ここでは、学習率の下限と上限を指定すると、スケジュールはその範囲（この場合は [1e-4, 1e-2]）で振動します。scale_fn は、特定のサイクル内の学習率を上げたり下げたりする関数を定義するために使用されます。step_size は 1 つのサイクルの期間を定義します。step_size が 2 の場合、1 つのサイクルを完了するには合計 4 つのイテレーションが必要となります。以下に、推奨される step_size の値を示します。

factor * steps_per_epoch、ここで factor は [2, 8] の範囲です。

同じ CLR の論文の中で、Leslie は学習率の境界を単純かつエレガントに選択する方法も説明しています。ぜひそれも確認してください。このブログ記事では、その方法の基本部分を説明しています。

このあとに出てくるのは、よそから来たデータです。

lemma powr_conjugate_weight_eq:
  fixes z a p q :: real
  assumes "0 < z" "0 < a" and q: "p + q * (2 - p) = q"
  shows "(z * a) powr p * (z powr q * a) powr (2 - p) = z powr q * a^2"
proof -
  have "(z * a) powr p * (z powr q * a) powr (2 - p)
      = (z powr p * z powr (q * (2 - p))) * (a powr p * a powr (2 - p))"
    using assms by (simp add: powr_mult powr_powr mult_ac)
  also have "\<dots> = z powr q * a^2"
    using assms by (simp add: q flip: powr_add)
  finally show ?thesis .
qed

lemma le_powr_of_le_mult_powr:
  fixes S c p :: real
  assumes S: "0 < S" and p: "1 < p" and le: "S \<le> c * S powr (2 - p)"
  shows "S \<le> c powr (1 / (p - 1))"
proof -
  have "S powr (p - 1) * S powr (2 - p) \<le> c * S powr (2 - p)"
    using S le by (simp flip: powr_add)
  then have "S powr (p - 1) \<le> c" using S by simp
  then have "(S powr (p - 1)) powr (1 / (p - 1)) \<le> c powr (1 / (p - 1))"
    using p by (intro powr_mono2) auto
  then show ?thesis using S p by (simp add: powr_powr)
qed

locale L1_L2_bounded =
  fixes M :: "'a measure" and T :: "('a \<Rightarrow> complex) \<Rightarrow> 'i \<Rightarrow> complex"
    and a :: "'i \<Rightarrow> real" and B :: real
  assumes additive: "\<And>g h \<xi>. integrable M g \<Longrightarrow> in_Lp M 2 h \<Longrightarrow> T (\<lambda>x. g x + h x) \<xi> = T g \<xi> + T h \<xi>"
    and L1_bound: "\<And>g \<xi>. integrable M g \<Longrightarrow> norm (T g \<xi>) \<le> a \<xi> * (\<integral>x. norm (g x) \<partial>M)"
    and L2_bound: "\<And>h F. in_Lp M 2 h \<Longrightarrow> finite F \<Longrightarrow>
                     (\<Sum>\<xi>\<in>F. (norm (T h \<xi>))^2) \<le> B * (\<integral>x. (norm (h x))^2 \<partial>M)"
    and weight_pos: "\<And>\<xi>. 0 < a \<xi>"
    and B_pos: "0 < B"
begin
(* Let $W$ be a matrix weight. For all $J\in\mathcal{D}$ and $1\le j\le d$, \[ \|W(J_-)^{1/2}h_J^{W,j}(J_-)\|_{\mathbb{C}^d}\le C(d),\qquad \|W(J_+)^{1/2}h_J^{W,j}(J_+)\|_{\mathbb{C}^d}\le C(d), \] where $C(d)$ depends only on $d$ and $h_J^{W,j}(J_\pm)$ denotes the constant value of $h_J^{W,j}$ on $J_\pm$.
   Context: A matrix weight is a $d\times d$ matrix-valued function on $\mathbb{R}$, positive definite a.e., with locally integrable entries. $\mathcal{D}$ is the standard dyadic grid, $J_\pm$ the right/left halves of $J$, $W(J)=\int_JW$. For $J\in\mathcal{D}$ let $v_J^1,\dots,v_J^d$ be an orthonormal eigenbasis of the positive definite matrix $W(J)W(J_+)^{-1}W(J_-)=W(J_-)W(J_+)^{-1}W(J_-)+W(J_-)$, $w_J^j=\|(W(J)W(J_+)^{-1}W(J_-))^{1/2}v_J^j\|$, and $h_J^{W,j}=(w_J^j)^{-1}\big(W(J_+)^{-1}W(J_-)v_J^j\mathbf{1}_{J_+}-v_J^j\mathbf{1}_{J_-}\big)$. *)

theory Defs
  imports "HOL-Analysis.Analysis"
begin

(* d x d complex matrices: complex^'n^'n, with d = CARD('n). *)

definition cinner :: "complex^'n \<Rightarrow> complex^'n \<Rightarrow> complex" where
  "cinner v w = (\<Sum>i\<in>UNIV. cnj (v $ i) * w $ i)"

definition adjoint_mat :: "complex^'n^'n \<Rightarrow> complex^'n^'n" where
  "adjoint_mat A = (\<chi> i k. cnj (A $ k $ i))"

definition hermitian_mat :: "complex^'n^'n \<Rightarrow> bool" where
  "hermitian_mat A \<longleftrightarrow> adjoint_mat A = A"

definition pos_def_mat :: "complex^'n^'n \<Rightarrow> bool" where
  "pos_def_mat A \<longleftrightarrow> hermitian_mat A \<and> (\<forall>v. v \<noteq> 0 \<longrightarrow> Re (cinner v (A *v v)) > 0)"

definition pos_semidef_mat :: "complex^'n^'n \<Rightarrow> bool" where
  "pos_semidef_mat A \<longleftrightarrow> hermitian_mat A \<and> (\<forall>v. Re (cinner v (A *v v)) \<ge> 0)"

definition msqrt :: "complex^'n^'n \<Rightarrow> complex^'n^'n" where
  "msqrt A = (THE B. pos_semidef_mat B \<and> B ** B = A)"

definition matrix_weight :: "(real \<Rightarrow> complex^'n^'n) \<Rightarrow> bool" where
  "matrix_weight W \<longleftrightarrow>
     (\<forall>i k a b. set_integrable lborel {a..b} (\<lambda>x. W x $ i $ k)) \<and>
     (AE x in lborel. pos_def_mat (W x))"

definition Wint :: "(real \<Rightarrow> complex^'n^'n) \<Rightarrow> real set \<Rightarrow> complex^'n^'n" where
  "Wint W J = (\<chi> i k. LINT x:J|lborel. W x $ i $ k)"

definition dyadic_interval :: "int \<Rightarrow> int \<Rightarrow> real set" where
  "dyadic_interval n k = {real_of_int k * 2 powr (- real_of_int n) ..< (real_of_int k + 1) * 2 powr (- real_of_int n)}"

definition dyadic_grid :: "real set set" where
  "dyadic_grid = {dyadic_interval n k | n k. True}"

以下では、clr スケジュールがどのように見えるかを視覚化します。

In [ ]:

step = np.arange(0, EPOCHS * steps_per_epoch)
lr = clr(step)
plt.plot(step, lr)
plt.xlabel("Steps")
plt.ylabel("Learning Rate")
plt.show()

CLR の効果をさらにうまく視覚化するには、ステップ数を増やしてスケジュールをプロットできます。

In [ ]:

step = np.arange(0, 100 * steps_per_epoch)
lr = clr(step)
plt.plot(step, lr)
plt.xlabel("Steps")
plt.ylabel("Learning Rate")
plt.show()

このチュートリアルで使用している関数は、CLR の論文の中では triangular2 メソッドと呼ばれています。このほかにも、triangular と exp（指数の略）という 2 つの関数についても説明されています。

CLR を使ってモデルをトレーニングする

In [ ]:

clr_model = tf.keras.models.load_model("initial_model")
clr_history = train_model(clr_model, optimizer=optimizer)

期待どおり、損失は通常より高く開始し、サイクルが進むにつれて安定します。これは、以下のプロットで視覚的に確認できます。

損失を視覚化する

In [ ]:

(fig, ax) = plt.subplots(2, 1, figsize=(10, 8))

ax[0].plot(no_clr_history.history["loss"], label="train_loss")
ax[0].plot(no_clr_history.history["val_loss"], label="val_loss")
ax[0].set_title("No CLR")
ax[0].set_xlabel("Epochs")
ax[0].set_ylabel("Loss")
ax[0].set_ylim([0, 2.5])
ax[0].legend()

ax[1].plot(clr_history.history["loss"], label="train_loss")
ax[1].plot(clr_history.history["val_loss"], label="val_loss")
ax[1].set_title("CLR")
ax[1].set_xlabel("Epochs")
ax[1].set_ylabel("Loss")
ax[1].set_ylim([0, 2.5])
ax[1].legend()

fig.tight_layout(pad=3.0)
fig.show()

このトイの例では、CLR の効果をあまり確認していませんが、これは超収束の主な材料の 1 つであり、大規模な設定でトレーニングする際に、非常に優れた効果を持てることを確認できました。